The first panel on the left shows a table with the number of errors per
component. Digging into the first row in that table has
the biggest impact on the budget spent.

Commonly, the components that spend most of the budget are Sidekiq or Puma. The panel in
the center explains what different violation types mean and how to dig
deeper in the logs.

The panel on the right provides links to Kibana that should reveal
which endpoints or Sidekiq jobs are causing the errors.

<i class="fa fa-youtube-play youtube" aria-hidden="true"></i>
To learn how to use these panels and logs for
determining which Rails endpoints are slow,
see the [Error Budget Attribution for Purchase group](https://youtu.be/M9u6unON7bU) video.

Other components visible in the table come from
[service-level indicators](https://sre.google/sre-book/service-level-objectives/) (SLIs) defined
in the [metrics catalog](https://gitlab.com/gitlab-com/runbooks/-/blob/master/metrics-catalog/README.md).

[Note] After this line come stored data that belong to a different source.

definition lex_less :: "nat \<Rightarrow> (var \<Rightarrow> int) \<Rightarrow> (var \<Rightarrow> int) \<Rightarrow> bool" where
  "lex_less n e e' \<longleftrightarrow> (\<exists>k < length (vars n).
      (\<forall>j<k. e (vars n ! j) = e' (vars n ! j)) \<and> e (vars n ! k) < e' (vars n ! k))"

definition lm :: "nat \<Rightarrow> ((var \<Rightarrow> int) \<Rightarrow> 'k::field) \<Rightarrow> var \<Rightarrow> int" where
  "lm n P = (THE e. P e \<noteq> 0 \<and> (\<forall>e'. P e' \<noteq> 0 \<longrightarrow> e' \<noteq> e \<longrightarrow> lex_less n e' e))"

end

theory Submission
  imports Defs "HOL-Computational_Algebra.Polynomial"
begin

text \<open>Specialise the symbols to pairs of Laurent monomials in one indeterminate s, with exponents
  built from weights w(v) = M^(4n-8-p), where p is the position of the variable v of L in the
  order. Each variable of L then becomes \<plusminus>s^w(v) plus lower powers of s, hence a Laurent
  monomial with exponent vector e becomes a nonzero multiple of s^(w\<cdot>e) plus lower powers. If M
  exceeds twice every exponent that occurs, e \<mapsto> w\<cdot>e is strictly monotone for the
  lexicographic order, so the top power of s in the specialisation of P comes from lm(P). On the
  other side, the specialised product of brackets has top power w\<cdot>E, where E is the sum of the
  leading exponent vectors of the individual brackets. Since a nonzero Laurent function of s over
  an infinite field has a unique top power, lm(P) = E, and the A_l-coordinate of E is a count.\<close>

section \<open>Laurent functions of one variable\<close>

definition degree_below :: "int \<Rightarrow> ('k::field \<Rightarrow> 'k) \<Rightarrow> bool" where
  "degree_below D h \<longleftrightarrow> (\<exists>xs. (\<forall>p\<in>set xs. snd p < D) \<and>
      (\<forall>s. s \<noteq> 0 \<longrightarrow> h s = (\<Sum>p\<leftarrow>xs. fst p * s powi snd p)))"

definition leading_term :: "'k::field \<Rightarrow> int \<Rightarrow> ('k \<Rightarrow> 'k) \<Rightarrow> bool" where
  "leading_term c D h \<longleftrightarrow> c \<noteq> 0 \<and> degree_below D (\<lambda>s. h s - c * s powi D)"

lemma degree_below_mono: "degree_below D h \<Longrightarrow> D \<le> D' \<Longrightarrow> degree_below D' h"
  unfolding degree_below_def by (meson order_less_le_trans)

lemma degree_below_cong: "degree_below D g \<Longrightarrow> (\<And>s. s \<noteq> 0 \<Longrightarrow> h s = g s) \<Longrightarrow> degree_below D h"
  unfolding degree_below_def by metis

lemma degree_below_zero: "degree_below D (\<lambda>s. 0)"
  unfolding degree_below_def by (rule exI[of _ "[]"]) simp

lemma degree_below_monom: "D < D' \<Longrightarrow> degree_below D' (\<lambda>s. c * s powi D)"
  unfolding degree_below_def by (rule exI[of _ "[(c,D)]"]) simp

lemma degree_below_add:
  assumes "degree_below D h" "degree_below D g"
  shows "degree_below D (\<lambda>s. h s + g s)"
proof -
  obtain xs ys where "\<forall>p\<in>set xs. snd p < D" "\<forall>s. s \<noteq> 0 \<longrightarrow> h s = (\<Sum>p\<leftarrow>xs. fst p * s powi snd p)"
    "\<forall>p\<in>set ys. snd p < D" "\<forall>s. s \<noteq> 0 \<longrightarrow> g s = (\<Sum>p\<leftarrow>ys. fst p * s powi snd p)"
    using assms unfolding degree_below_def by blast
  then show ?thesis
    unfolding degree_below_def by (intro exI[of _ "xs @ ys"]) auto
qed

lemma degree_below_sum:
  "finite S \<Longrightarrow> (\<And>e. e \<in> S \<Longrightarrow> degree_below D (h e)) \<Longrightarrow> degree_below D (\<lambda>s. \<Sum>e\<in>S. h e s)"
  by (induction S rule: finite_induct) (auto intro: degree_below_add degree_below_zero)

lemma degree_below_scale:
  assumes "degree_below D h"
  shows "degree_below (D + E) (\<lambda>s. c * s powi E * h s)"
proof -
  obtain xs where xs: "\<forall>p\<in>set xs. snd p < D" "\<forall>s. s \<noteq> 0 \<longrightarrow> h s = (\<Sum>p\<leftarrow>xs. fst p * s powi snd p)"
    using assms unfolding degree_below_def by blast
  let ?ys = "map (\<lambda>p. (c * fst p, E + snd p)) xs"
  have "c * s powi E * h s = (\<Sum>p\<leftarrow>?ys. fst p * s powi snd p)" if "s \<noteq> 0" for s
  proof -
    have "c * s powi E * h s = (\<Sum>p\<leftarrow>xs. c * s powi E * (fst p * s powi snd p))"
      using xs(2) that by (simp add: sum_list_const_mult)
    also have "\<dots> = (\<Sum>p\<leftarrow>?ys. fst p * s powi snd p)"
      by (simp add: o_def power_int_add that mult_ac)
    finally show ?thesis .
  qed
  moreover have "\<forall>p\<in>set ?ys. snd p < D + E" using xs(1) by auto
  ultimately show ?thesis unfolding degree_below_def by blast
qed

lemma degree_below_neg: "degree_below D h \<Longrightarrow> degree_below D (\<lambda>s. - h s)"
  using degree_below_scale[of D h 0 "-1"] by simp

lemma degree_below_diff: "degree_below D h \<Longrightarrow> degree_below D g \<Longrightarrow> degree_below D (\<lambda>s. h s - g s)"
  using degree_below_add[of D h "\<lambda>s. - g s"] degree_below_neg[of D g] by simp

lemma degree_below_mult:
  assumes h: "degree_below D h" and g: "degree_below E g"
  shows "degree_below (D + E - 1) (\<lambda>s. h s * g s)"
proof -
  obtain xs where xs: "\<forall>p\<in>set xs. snd p < D" "\<forall>s. s \<noteq> 0 \<longrightarrow> h s = (\<Sum>p\<leftarrow>xs. fst p * s powi snd p)"
    using h unfolding degree_below_def by blast
  have "degree_below (D + E - 1) (\<lambda>s. (\<Sum>p\<leftarrow>xs. fst p * s powi snd p) * g s)"
    using xs(1)
  proof (induction xs)
    case Nil
    show ?case by (simp add: degree_below_zero)
  next
    case (Cons p xs)
    have "degree_below (E + snd p) (\<lambda>s. fst p * s powi snd p * g s)"
      using degree_below_scale[OF g] .
    then have "degree_below (D + E - 1) (\<lambda>s. fst p * s powi snd p * g s)"
      by (rule degree_below_mono) (use Cons.prems in auto)
    from degree_below_add[OF this Cons.IH] Cons.prems show ?case
      by (simp add: distrib_right)
  qed
  then show ?thesis by (rule degree_below_cong) (use xs(2) in auto)
qed

lemma poly_sum_list_map: "poly (\<Sum>q\<leftarrow>ps. f q) x = (\<Sum>q\<leftarrow>ps. poly (f q) x)"
  by (induction ps) auto

lemma coeff_sum_list: "coeff (\<Sum>q\<leftarrow>ps. f q) k = (\<Sum>q\<leftarrow>ps. coeff (f q) k)"
  by (induction ps) auto

lemma power_int_split:
  fixes s :: "'k::field"
  assumes "s \<noteq> 0" "m \<le> d"
  shows "s powi d = s ^ nat (d - m) * s powi m"
proof -
  have "s powi d = s powi (int (nat (d - m)) + m)" using assms(2) by simp
  also have "\<dots> = s powi int (nat (d - m)) * s powi m"
    using assms(1) by (rule power_int_add[OF disjI1])
  finally show ?thesis by (simp only: power_int_of_nat)
qed

lemma poly_eq_0_if_vanishes_off_0:
  fixes p :: "'k::field_char_0 poly"
  assumes "\<And>s. s \<noteq> 0 \<Longrightarrow> poly p s = 0"
  shows "p = 0"
proof (rule ccontr)
  assume "p \<noteq> 0"
  then have "finite {x. poly p x = 0}" by (rule poly_roots_finite)
  moreover have "- {0} \<subseteq> {x. poly p x = 0}" using assms by auto
  ultimately have "finite (- {0::'k})" by (rule rev_finite_subset)
  then show False using infinite_UNIV_char_0[where 'a='k] by simp
qed

text \<open>Multiplying by a power of s turns the difference of the two sides into a polynomial
  vanishing on the infinite set k - {0}.\<close>
lemma degree_below_monom_iff:
  fixes c :: "'k::field_char_0"
  shows "degree_below D (\<lambda>s. c * s powi D) \<longleftrightarrow> c = 0"
proof
  assume "degree_below D (\<lambda>s. c * s powi D)"
  then obtain xs where xs: "\<forall>p\<in>set xs. snd p < D" "\<And>s. s \<noteq> 0 \<Longrightarrow> c * s powi D = (\<Sum>p\<leftarrow>xs. fst p * s powi snd p)"
    unfolding degree_below_def by blast
  define m where "m = Min (insert D (snd ` set xs))"
  have mD: "m \<le> D" and mx: "\<And>p. p \<in> set xs \<Longrightarrow> m \<le> snd p" unfolding m_def by auto
  define p where "p = monom c (nat (D - m)) - (\<Sum>q\<leftarrow>xs. monom (fst q) (nat (snd q - m)))"
  have "poly p s = 0" if s: "s \<noteq> 0" for s
  proof -
    have "poly p s * s powi m = c * s powi D - (\<Sum>q\<leftarrow>xs. fst q * s powi snd q)"
    proof -
      have "(\<Sum>q\<leftarrow>xs. fst q * s ^ nat (snd q - m)) * s powi m = (\<Sum>q\<leftarrow>xs. fst q * s powi snd q)"
        unfolding sum_list_mult_const[symmetric]
        by (intro arg_cong[where f=sum_list] map_cong refl) (simp add: power_int_split[OF s mx] mult.assoc)
      moreover have "c * s ^ nat (D - m) * s powi m = c * s powi D"
        by (simp add: power_int_split[OF s mD] mult.assoc)
      ultimately show ?thesis
        unfolding p_def by (simp add: poly_sum_list_map poly_monom left_diff_distrib)
    qed
    then show ?thesis using xs(2)[OF s] s by simp
  qed
  then have "p = 0" by (rule poly_eq_0_if_vanishes_off_0)
  moreover have "coeff p (nat (D - m)) = c"
  proof -
    have "(\<Sum>q\<leftarrow>xs. coeff (monom (fst q) (nat (snd q - m))) (nat (D - m))) = (\<Sum>q\<leftarrow>xs. 0)"
      by (intro arg_cong[where f=sum_list] map_cong refl) (use xs(1) mx in \<open>force simp: coeff_monom\<close>)
    then show ?thesis unfolding p_def by (simp add: coeff_diff coeff_sum_list)
  qed
  ultimately show "c = 0" by simp
qed (simp add: degree_below_zero)

lemma leading_term_imp_degree_below: "leading_term c D h \<Longrightarrow> degree_below (D + 1) h"
  unfolding leading_term_def
  using degree_below_add[of "D + 1" "\<lambda>s. h s - c * s powi D" "\<lambda>s. c * s powi D"]
    degree_below_mono[of D _ "D + 1"] degree_below_monom[of D "D + 1" c] by force

lemma leading_term_not_degree_below:
  fixes h :: "'k::field_char_0 \<Rightarrow> 'k"
  assumes "leading_term c D h"
  shows "\<not> degree_below D h"
proof
  assume "degree_below D h"
  then have "degree_below D (\<lambda>s. h s - (h s - c * s powi D))"
    using degree_below_diff assms unfolding leading_term_def by blast
  then have "c = 0" by (simp add: degree_below_monom_iff)
  then show False using assms unfolding leading_term_def by simp
qed

lemma leading_term_unique:
  fixes h :: "'k::field_char_0 \<Rightarrow> 'k"
  assumes "leading_term c D h" "leading_term c' D' h"
  shows "D = D'"
  by (metis assms degree_below_mono leading_term_imp_degree_below leading_term_not_degree_below
      linorder_neqE_linordered_idom zless_imp_add1_zle)

lemma leading_term_cong: "leading_term c D g \<Longrightarrow> (\<And>s. s \<noteq> 0 \<Longrightarrow> h s = g s) \<Longrightarrow> leading_term c D h"
  unfolding leading_term_def
  using degree_below_cong[of D "\<lambda>s. g s - c * s powi D" "\<lambda>s. h s - c * s powi D"] by auto

lemma leading_term_monom: "c \<noteq> 0 \<Longrightarrow> (\<And>s. s \<noteq> 0 \<Longrightarrow> h s = c * s powi D) \<Longrightarrow> leading_term c D h"
  unfolding leading_term_def by (auto intro: degree_below_cong[OF degree_below_zero])

lemma leading_term_binom: "c \<noteq> 0 \<Longrightarrow> E < D \<Longrightarrow> leading_term c D (\<lambda>s. c * s powi D + b * s powi E)"
  unfolding leading_term_def by (auto intro: degree_below_monom)

lemma leading_term_mult:
  assumes "leading_term c D h" "leading_term b E g"
  shows "leading_term (c * b) (D + E) (\<lambda>s. h s * g s)"
proof -
  have h: "degree_below D (\<lambda>s. h s - c * s powi D)" and g: "degree_below E (\<lambda>s. g s - b * s powi E)"
    using assms unfolding leading_term_def by auto
  have "degree_below (D + E) (\<lambda>s. c * s powi D * (g s - b * s powi E)
      + (b * s powi E * (h s - c * s powi D) + (h s - c * s powi D) * (g s - b * s powi E)))"
    using degree_below_scale[OF g, of D c] degree_below_scale[OF h, of E b]
      degree_below_mono[OF degree_below_mult[OF h g], of "D + E"]
    by (intro degree_below_add) (simp_all add: add.commute)
  then have "degree_below (D + E) (\<lambda>s. h s * g s - c * b * s powi (D + E))"
    by (rule degree_below_cong) (simp add: power_int_add algebra_simps)
  then show ?thesis using assms unfolding leading_term_def by simp
qed

lemma leading_term_one: "leading_term 1 0 (\<lambda>s. 1)"
  by (rule leading_term_monom) auto

lemma leading_term_prod:
  "finite V \<Longrightarrow> (\<And>v. v \<in> V \<Longrightarrow> leading_term (c v) (D v) (h v)) \<Longrightarrow>
    leading_term (\<Prod>v\<in>V. c v) (\<Sum>v\<in>V. D v) (\<lambda>s. \<Prod>v\<in>V. h v s)"
  by (induction V rule: finite_induct) (simp_all add: leading_term_one leading_term_mult)

lemma leading_term_power: "leading_term c D h \<Longrightarrow> leading_term (c ^ k) (D * int k) (\<lambda>s. h s ^ k)"
  by (induction k) (simp_all add: leading_term_one leading_term_mult algebra_simps)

For those types of failures, you can follow the link to the service
dashboard linked from the `type` column. The service dashboard
contains a row specifically for the SLI that is causing the budget
spent, with links to logs and a description of what the
component means.

For example, see the `server` component of the `web-pages` service:

![web-pages-server-component SLI](img/stage_group_dashboards_service_sli_detail.png)

To add more SLIs tailored to specific features, you can use an [Application SLI](../application_slis/index.md).